Philippines to emerge as ASEAN growth leader in 2025

The Philippine economy may zoom to its fastest pace since 2018 and lead the Southeast Asian region in growth next year, financial services provider Unicapital Group said in a report by Philippine Star.

In a report, Unicapital said gross domestic product (GDP) growth could hit 6.3 percent next year, making the Philippines one of the fastest-growing economies in Asia Pacific.

“We are confident that there are opportunities for the Philippines despite the risks. We have seen similar circumstances in the past but with the government stepping up to ensure measures are in place to boost the equity market, everything will fall into place and yield positive results,” Unicapital Group president and CEO Jaime Martirez said.

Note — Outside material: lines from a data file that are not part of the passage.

lemma nn_integral_track_err_msvr_update_le:
  "(\<integral>\<^sup>+y. ennreal (track_err m (msvr_update m B1 \<beta> G wp wc u (fst y) (snd y)) g wc)
      \<partial>(measure_pmf (uniform_subsets m B1) \<Otimes>\<^sub>M Pi\<^sub>M {..<m} (\<lambda>_. D)))
   \<le> ennreal ((1 - real B1 * \<beta> / real m) * track_err m u g wp
              + 2 * real B1 * \<beta>\<^sup>2 * \<sigma>\<^sup>2 / real B2
              + 8 * (real m)\<^sup>2 * Cg\<^sup>2 / real B1 * (norm (wc - wp))\<^sup>2)"
proof -
  let ?N = "measure_pmf (uniform_subsets m B1) \<Otimes>\<^sub>M Pi\<^sub>M {..<m} (\<lambda>_. D)"
  let ?err = "\<lambda>i y. (norm (msvr_update m B1 \<beta> G wp wc u (fst y) (snd y) i - g i wc))\<^sup>2"
  let ?avg = "\<lambda>i. real B1 / real m * (\<integral>x. (norm (block_residual i wp wc (u i) x))\<^sup>2 \<partial>D)
                  + (1 - real B1 / real m) * (norm (u i - g i wc))\<^sup>2"
  have "real B1 / real m \<le> 1"
    using B1_pos B1_le by simp
  then have avg_nonneg: "0 \<le> ?avg i" for i
    by (intro add_nonneg_nonneg mult_nonneg_nonneg) auto
  have "(\<integral>\<^sup>+y. ennreal (track_err m (msvr_update m B1 \<beta> G wp wc u (fst y) (snd y)) g wc) \<partial>?N)
        = (\<integral>\<^sup>+y. (\<Sum>i<m. ennreal (?err i y)) \<partial>?N)"
    by (simp add: track_err_def sum_ennreal)
  also have "\<dots> = (\<Sum>i<m. \<integral>\<^sup>+y. ennreal (?err i y) \<partial>?N)"
    by (intro nn_integral_sum measurable_compose[OF _ measurable_ennreal] measurable_msvr_update_err) auto
  also have "\<dots> = ennreal (\<Sum>i<m. ?avg i)"
    using avg_nonneg by (simp add: nn_integral_msvr_update_err sum_ennreal)
  also have "\<dots> \<le> ennreal (\<Sum>i<m. (1 - real B1 * \<beta> / real m) * (norm (u i - g i wp))\<^sup>2
           + 2 * real B1 / real m * \<beta>\<^sup>2 * \<sigma>\<^sup>2 / real B2
           + 8 * (real m / real B1) * Cg\<^sup>2 * (norm (wc - wp))\<^sup>2)"
    by (intro ennreal_leI sum_mono expected_block_error_le) auto
  also have "\<dots> = ennreal ((1 - real B1 * \<beta> / real m) * track_err m u g wp
              + 2 * real B1 * \<beta>\<^sup>2 * \<sigma>\<^sup>2 / real B2
              + 8 * (real m)\<^sup>2 * Cg\<^sup>2 / real B1 * (norm (wc - wp))\<^sup>2)"
    using B1_pos B1_le
    by (simp add: track_err_def sum.distrib sum_distrib_left power2_eq_square) (simp add: field_simps)
  finally show ?thesis .
qed

end

theorem lemma1:
  fixes M :: "'a measure" and D :: "'x measure"
    and G :: "nat \<Rightarrow> 'd::euclidean_space \<Rightarrow> 'x \<Rightarrow> 'p::euclidean_space"
    and g :: "nat \<Rightarrow> 'd \<Rightarrow> 'p"
    and w_prev w_cur :: "'a \<Rightarrow> 'd" and u_prev :: "'a \<Rightarrow> nat \<Rightarrow> 'p"
    and m B1 B2 :: nat and \<sigma> Cg \<beta> :: real
  assumes "m \<ge> 1" and "1 \<le> B1" and "B1 \<le> m" and "B2 \<ge> 1"
    and "prob_space M" and "prob_space D"
    and G_meas: "\<And>i. i < m \<Longrightarrow> (\<lambda>(x, \<xi>). G i x \<xi>) \<in> borel_measurable (borel \<Otimes>\<^sub>M D)"
    and G_int: "\<And>i x. i < m \<Longrightarrow> integrable D (G i x)"
    and G_unbiased: "\<And>i x. i < m \<Longrightarrow> (\<integral>\<xi>. G i x \<xi> \<partial>D) = g i x"
    and G_var_int: "\<And>i x. i < m \<Longrightarrow> integrable D (\<lambda>\<xi>. (norm (G i x \<xi> - g i x))\<^sup>2)"
    and G_var: "\<And>i x. i < m \<Longrightarrow> (\<integral>\<xi>. (norm (G i x \<xi> - g i x))\<^sup>2 \<partial>D) \<le> \<sigma>\<^sup>2 / real B2"
    and G_lip_int: "\<And>i x y. i < m \<Longrightarrow> integrable D (\<lambda>\<xi>. (norm (G i x \<xi> - G i y \<xi>))\<^sup>2)"
    and G_lip: "\<And>i x y. i < m \<Longrightarrow>
       (\<integral>\<xi>. (norm (G i x \<xi> - G i y \<xi>))\<^sup>2 \<partial>D) \<le> Cg\<^sup>2 * (norm (x - y))\<^sup>2"
    and g_lip: "\<And>i. i < m \<Longrightarrow> Cg-lipschitz_on UNIV (g i)"
    and w_prev_meas: "w_prev \<in> borel_measurable M"
    and w_cur_meas: "w_cur \<in> borel_measurable M"
    and u_prev_meas: "\<And>i. i < m \<Longrightarrow> (\<lambda>a. u_prev a i) \<in> borel_measurable M"
    and err_int: "integrable M (\<lambda>a. track_err m (u_prev a) g (w_prev a))"
    and dw_int: "integrable M (\<lambda>a. (norm (w_cur a - w_prev a))\<^sup>2)"
    and "0 < \<beta>" and "\<beta> \<le> 1 / 2"
  shows "(\<integral>\<omega>. track_err m
              (msvr_update m B1 \<beta> G (w_prev (fst \<omega>)) (w_cur (fst \<omega>)) (u_prev (fst \<omega>))
                 (fst (snd \<omega>)) (snd (snd \<omega>)))
              g (w_cur (fst \<omega>))
          \<partial>(M \<Otimes>\<^sub>M (measure_pmf (uniform_subsets m B1) \<Otimes>\<^sub>M PiM {..<m} (\<lambda>_. D))))
     \<le> (1 - real B1 * \<beta> / real m) * (\<integral>a. track_err m (u_prev a) g (w_prev a) \<partial>M)
       + 2 * real B1 * \<beta>\<^sup>2 * \<sigma>\<^sup>2 / real B2
       + 8 * (real m)\<^sup>2 * Cg\<^sup>2 / real B1 * (\<integral>a. (norm (w_cur a - w_prev a))\<^sup>2 \<partial>M)"
proof -
  interpret msvr_setting D G g m B1 B2 \<sigma> Cg \<beta>
    by (rule msvr_setting.intro) (fact assms)+
  interpret M: prob_space M by fact
  let ?N = "measure_pmf (uniform_subsets m B1) \<Otimes>\<^sub>M PiM {..<m} (\<lambda>_. D)"
  let ?bound = "\<lambda>a. (1 - real B1 * \<beta> / real m) * track_err m (u_prev a) g (w_prev a)
              + 2 * real B1 * \<beta>\<^sup>2 * \<sigma>\<^sup>2 / real B2
              + 8 * (real m)\<^sup>2 * Cg\<^sup>2 / real B1 * (norm (w_cur a - w_prev a))\<^sup>2"
  have "0 \<le> 1 - real B1 * \<beta> / real m"
    using assms mult_mono[of "real B1" "real m" \<beta> 1] by (simp add: field_simps)
  moreover have "(\<integral>\<^sup>+y. ennreal (track_err m (msvr_update m B1 \<beta> G (w_prev a) (w_cur a) (u_prev a)
                  (fst y) (snd y)) g (w_cur a)) \<partial>?N) \<le> ennreal (?bound a)" for a
    by (rule nn_integral_track_err_msvr_update_le)
  ultimately have "(\<integral>\<omega>. track_err m
              (msvr_update m B1 \<beta> G (w_prev (fst \<omega>)) (w_cur (fst \<omega>)) (u_prev (fst \<omega>))
                 (fst (snd \<omega>)) (snd (snd \<omega>))) g (w_cur (fst \<omega>)) \<partial>(M \<Otimes>\<^sub>M ?N))
        \<le> (\<integral>a. ?bound a \<partial>M)"
    using err_int dw_int
    by (intro integral_pair_measure_le measurable_track_err_msvr_update
        prob_space_imp_sigma_finite prob_space_pair prob_space_PiM prob_space_measure_pmf
        measurable_compose[OF measurable_fst] w_prev_meas w_cur_meas u_prev_meas
        add_nonneg_nonneg mult_nonneg_nonneg track_err_nonneg D)
      (auto intro: measurable_compose[OF measurable_snd])
  also have "(\<integral>a. ?bound a \<partial>M)
     = (1 - real B1 * \<beta> / real m) * (\<integral>a. track_err m (u_prev a) g (w_prev a) \<partial>M)
       + 2 * real B1 * \<beta>\<^sup>2 * \<sigma>\<^sup>2 / real B2
       + 8 * (real m)\<^sup>2 * Cg\<^sup>2 / real B1 * (\<integral>a. (norm (w_cur a - w_prev a))\<^sup>2 \<partial>M)"
    using err_int dw_int by (simp add: M.prob_space)
  finally show ?thesis .
qed

end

Among the new laws seen improving the overall financial incentives and providing a positive boost to the Philippine equity market is the recently signed Corporate Recovery and Tax Incentives for Enterprises to Maximize Opportunities for Reinvigorating Economy (CREATE MORE), which is an amendment to the CREATE Act, in a bid to offer a globally competitive tax regime.

Unicapital said the law’s incentives, including tax reductions and increased foreign ownership limits, would likely drive both domestic and foreign capital inflows, particularly into sectors poised for growth.

“The government’s signing of the CREATE MORE law is timely in further institutionalizing actions that will enhance corporate profitability,” Martirez said.

Meanwhile, Unicapital is putting its house call on inflation at 3.1 percent, driven by expectations of lower global oil prices.

Unicapital said that the CREATE MORE law also has a provision to cut corporate income tax rate to 20 percent from 25 percent, while export-oriented consumer companies are positioned to gain from VAT zero-rating on local purchases and essential services.

It said the reduction in tax burden would create more allowance for companies to open more jobs and fuel economic activities.

“Lower inflation and an increase in the employment rate will ultimately lead to growth in household spending, which is a key growth driver for consumer companies,” it said.

Unicapital also sees a bottom-up index target of 8,000 for the Philippine Stock Exchange index. This implies a 14 percent year-on-year gain from the estimated 7,000 level by the end of 2024.

According to Unicapital, further policy rate easing is expected to boost corporate earnings through a lower cost of capital and increased consumer spending.

“This is supported by the anticipated further reduction in policy rates by the BSP. However there are downside risks to this including prolonged elevated interest rates and escalation of geopolitical tensions that disrupt the trade supply,” it said.